On Aug. 24, Intel held the first in a series of three Chalk Talk sessions to provide context on the company's journey to build and deliver the silicon, software and platforms customers need to succeed in today’s digital era.
This first session focused on Intel's broad portfolio of integrated and discrete accelerators. Leaders from across Intel’s business units shared how the company solves critical workloads for customers across industries and verticals. Intel executives who participated in the acceleration Chalk Talk included:
- Sailesh Kottapalli, chief data center CPU architect, spoke on Intel® Xeon® architecture and data decompression.
- Kavitha Prasad, vice president and general manager of Datacenter, AI and Cloud Execution and Strategy, spoke on AI acceleration with Intel software and hardware.
- Sachin Katti, chief technology officer in the Network and Edge Group, spoke on acceleration for networking.

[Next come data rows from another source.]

(* In the FIND setting of the context, fix a leaf cluster $\mathcal C_r$ and a consistent ordering of $\mathcal T_r^+$. If $\mathcal C_i$ and $\mathcal C_j$ are the two children of $\mathcal C_k$ in $\mathcal T_r^+$, then $\boldsymbol\Sigma_k(\mathcal B_i,\mathcal B_j)=\boldsymbol\Sigma(\mathcal B_i,\mathcal B_j)$ and $\boldsymbol\Sigma_k(\mathcal B_j,\mathcal B_i)=\boldsymbol\Sigma(\mathcal B_j,\mathcal B_i)$.
   Context: Setting (FIND). $\mathcal M$ is a finite set of mesh nodes; $\mathbf A$ is an invertible complex matrix indexed by $\mathcal M\times\mathcal M$, structurally symmetric ($A_{ij}\neq0\iff A_{ji}\neq0$); distinct nodes $i,j$ are connected if $A_{ij}\neq 0$. $\boldsymbol\Sigma$ is a complex matrix indexed by $\mathcal M\times\mathcal M$ with $\Sigma_{ij}=0$ whenever $i\neq j$ and $i,j$ are not connected. $\dagger$ is conjugate transpose, $\mathbf X^{-\dagger}=(\mathbf X^{-1})^\dagger$. $\mathbf X(X,Y)$ is the submatrix with rows in $X$, columns in $Y$. For a cluster $\mathcal C\subseteq\mathcal M$: boundary set $\mathcal B_{\mathcal C}=\{i\in\mathcal C: A_{ij}\neq 0\text{ for some } j\notin\mathcal C\}$, inner set $\mathcal I_{\mathcal C}=\mathcal C\setminus\mathcal B_{\mathcal C}$; for $\mathcal C_g$ write $\mathcal B_g,\mathcal I_g$. Cluster tree: $\mathcal T$ is a rooted binary tree of clusters with root $\mathcal M$, each non-leaf cluster the disjoint union of its two children. For a leaf $\mathcal C_r$ with path $r=a_0,\dots,a_d$ (root) and $b_k$ the sibling of $a_k$, the augmented tree $\mathcal T_r^+$ has root $\mathcal C_{-r}=\mathcal M\setminus\mathcal C_r$; for $0\le k\le d-2$, $\mathcal C_{-a_k}=\mathcal M\setminus\mathcal C_{a_k}$ has children $\mathcal C_{b_k}$ and $\mathcal C_{-a_{k+1}}$, with $\mathcal C_{-a_{d-1}}$ identified with $\mathcal C_{b_{d-1}}$; each basic cluster $\mathcal C_{b_k}$ carries its subtree from $\mathcal T$. Private inner nodes: $\mathcal S_g=\mathcal I_g$ for a leaf $g$ of $\mathcal T_r^+$; $\mathcal S_g=\mathcal I_g\setminus(\mathcal I_i\cup\mathcal I_j)$ if $g$ has children $i,j$. Consistent ordering: a total order $g_1,\dots,g_m$ of the nodes of $\mathcal T_r^+$ with every node after all its descendants. Elimination: $\mathbf A_{g_1}=\mathbf A$, $\boldsymbol\Sigma_{g_1}=\boldsymbol\Sigma$; for each $g$ (with $\mathbf A_g(\mathcal S_g,\mathcal S_g)$ invertible), $\mathcal L_g=\mathbf A_g(\mathcal B_g,\mathcal S_g)\mathbf A_g(\mathcal S_g,\mathcal S_g)^{-1}$, $\mathbf L_g$ is the identity on $\mathcal M$ except $\mathbf L_g(\mathcal B_g,\mathcal S_g)=\mathcal L_g$, $\mathbf A_{g+}=\mathbf L_g^{-1}\mathbf A_g$, $\boldsymbol\Sigma_{g+}=\mathbf L_g^{-1}\boldsymbol\Sigma_g\mathbf L_g^{-\dagger}$, and $\mathbf A_{g_{t+1}}=\mathbf A_{g_t+}$, $\boldsymbol\Sigma_{g_{t+1}}=\boldsymbol\Sigma_{g_t+}$. Thus $\boldsymbol\Sigma_k$ is the matrix just before eliminating $\mathcal S_k$. *)

theory Defs
  imports Complex_Main
begin

text \<open>Mesh nodes: the elements of a finite type 'a (the mesh M is UNIV).
  Matrices indexed by M x M are functions 'a => 'a => complex.\<close>

type_synonym 'a cmat = "'a \<Rightarrow> 'a \<Rightarrow> complex"

definition idm :: "'a cmat" where
  "idm = (\<lambda>i j. if i = j then 1 else 0)"

definition mmul :: "'a::finite cmat \<Rightarrow> 'a cmat \<Rightarrow> 'a cmat" where
  "mmul X Y = (\<lambda>i j. \<Sum>k\<in>UNIV. X i k * Y k j)"

definition adj :: "'a cmat \<Rightarrow> 'a cmat" where
  "adj X = (\<lambda>i j. cnj (X j i))"

definition inverse_on :: "'a set \<Rightarrow> 'a cmat \<Rightarrow> 'a cmat \<Rightarrow> bool" where
  "inverse_on S X Y \<longleftrightarrow>
     (\<forall>i\<in>S. \<forall>j\<in>S. (\<Sum>k\<in>S. X i k * Y k j) = idm i j \<and> (\<Sum>k\<in>S. Y i k * X k j) = idm i j)"

definition invertible_on :: "'a set \<Rightarrow> 'a cmat \<Rightarrow> bool" where
  "invertible_on S X \<longleftrightarrow> (\<exists>Y. inverse_on S X Y)"

definition minv_on :: "'a set \<Rightarrow> 'a cmat \<Rightarrow> 'a cmat" where
  "minv_on S X = (\<lambda>i j. if i \<in> S \<and> j \<in> S then (SOME Y. inverse_on S X Y) i j else 0)"

definition minv :: "'a cmat \<Rightarrow> 'a cmat" where
  "minv X = minv_on UNIV X"

definition bnd :: "'a cmat \<Rightarrow> 'a set \<Rightarrow> 'a set" where
  "bnd A C = {i \<in> C. \<exists>j. j \<notin> C \<and> A i j \<noteq> 0}"

definition inner :: "'a cmat \<Rightarrow> 'a set \<Rightarrow> 'a set" where
  "inner A C = C - bnd A C"

datatype 'a ctree = Leaf "'a set" | Node "'a ctree" "'a ctree"

fun cl :: "'a ctree \<Rightarrow> 'a set" where
  "cl (Leaf S) = S"
| "cl (Node l r) = cl l \<union> cl r"

fun wf_ctree :: "'a ctree \<Rightarrow> bool" where
  "wf_ctree (Leaf S) = True"
| "wf_ctree (Node l r) = (wf_ctree l \<and> wf_ctree r \<and> cl l \<inter> cl r = {})"

text \<open>Nodes are addressed by paths from the root (False = left, True = right).\<close>
fun sub :: "'a ctree \<Rightarrow> bool list \<Rightarrow> 'a ctree option" where
  "sub t [] = Some t"
| "sub (Node l r) (b # q) = sub (if b then r else l) q"
| "sub (Leaf S) (b # q) = None"

definition nodes :: "'a ctree \<Rightarrow> bool list set" where
  "nodes t = {q. sub t q \<noteq> None}"

definition clus :: "'a ctree \<Rightarrow> bool list \<Rightarrow> 'a set" where
  "clus t q = cl (the (sub t q))"

text \<open>Augmented tree T_r^+ for the leaf at path p.  Walking down from the root
  along p, acc is the augmented tree of the complement of the current node
  (None at the root).  Going from a_{k+1} to a_k with sibling b_k, the complement
  node -a_k gets children b_k and -a_{k+1}; at the root, -a_{d-1} is b_{d-1}.\<close>
fun aug :: "'a ctree option \<Rightarrow> 'a ctree \<Rightarrow> bool list \<Rightarrow> 'a ctree option" where
  "aug acc t [] = acc"
| "aug acc (Node l r) (x # p) =
     aug (Some (let b = (if x then l else r) in
                case acc of None \<Rightarrow> b | Some c \<Rightarrow> Node b c))
         (if x then r else l) p"
| "aug acc (Leaf S) (x # p) = None"

definition priv :: "'a cmat \<Rightarrow> 'a ctree \<Rightarrow> bool list \<Rightarrow> 'a set" where
  "priv A U q = (case the (sub U q) of
      Leaf S \<Rightarrow> inner A S
    | Node l r \<Rightarrow> inner A (cl (Node l r)) - (inner A (cl l) \<union> inner A (cl r)))"

definition consistent_ordering :: "'a ctree \<Rightarrow> bool list list \<Rightarrow> bool" where
  "consistent_ordering U ord \<longleftrightarrow> distinct ord \<and> set ord = nodes U \<and>
     (\<forall>s<length ord. \<forall>t<length ord. \<forall>z. z \<noteq> [] \<and> ord ! s = ord ! t @ z \<longrightarrow> s < t)"

text \<open>One elimination step at node q: (A_g, Sigma_g) to (A_{g+}, Sigma_{g+}).
  Boundary sets are taken w.r.t. the original matrix A0.\<close>
definition elim_step :: "'a::finite cmat \<Rightarrow> 'a ctree \<Rightarrow> bool list \<Rightarrow> 'a cmat \<times> 'a cmat \<Rightarrow> 'a cmat \<times> 'a cmat" where
  "elim_step A0 U q st = (let Ag = fst st; Sg = snd st;
       S = priv A0 U q; B = bnd A0 (clus U q);
       calL = (\<lambda>b s. \<Sum>k\<in>S. Ag b k * minv_on S Ag k s);
       L = (\<lambda>a c. if a \<in> B \<and> c \<in> S then calL a c else idm a c);
       Li = minv L
     in (mmul Li Ag, mmul (mmul Li Sg) (adj Li)))"

text \<open>State (A_{g_{t+1}}, Sigma_{g_{t+1}}) before the (t+1)-th elimination, i.e. after t steps.\<close>
definition elim_state :: "'a::finite cmat \<Rightarrow> 'a cmat \<Rightarrow> 'a ctree \<Rightarrow> bool list list \<Rightarrow> nat \<Rightarrow> 'a cmat \<times> 'a cmat" where
  "elim_state A0 Sig0 U ord t = foldl (\<lambda>st q. elim_step A0 U q st) (A0, Sig0) (take t ord)"

end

- Jeff McVeigh, vice president and general manager of the Super Compute Group, spoke on acceleration for high performance computing.
“By taking a workload-first, interactive approach, the Chalk Talk series is meant to unpack the ‘why’ behind the bets we’re making with our strategy and highlight the real-world impact our technology innovations are having on customers across industries,” said Sandra Rivera, executive vice president and general manager of the Datacenter and AI Group at Intel . “We realize there is no one-size-fits-all with compute – and our customers are transforming their businesses, leveraging the capabilities of heterogeneous computing environments."
Intel’s next two Chalk Talks will focus on Intel's approach to security in September and Sapphire Rapids processing and packaging in October. Future Chalk Talk replays will be published on the Intel Newsroom after those events.
All the Chalk Talks:
Editor's Note: The video was edited Sept. 13, 2022, to remove a reference to the Habana® Gaudi® AI training processor delivering 40 times better price performance. The processor delivers up to 40% better price performance than comparable Nvidia GPU-based training instances.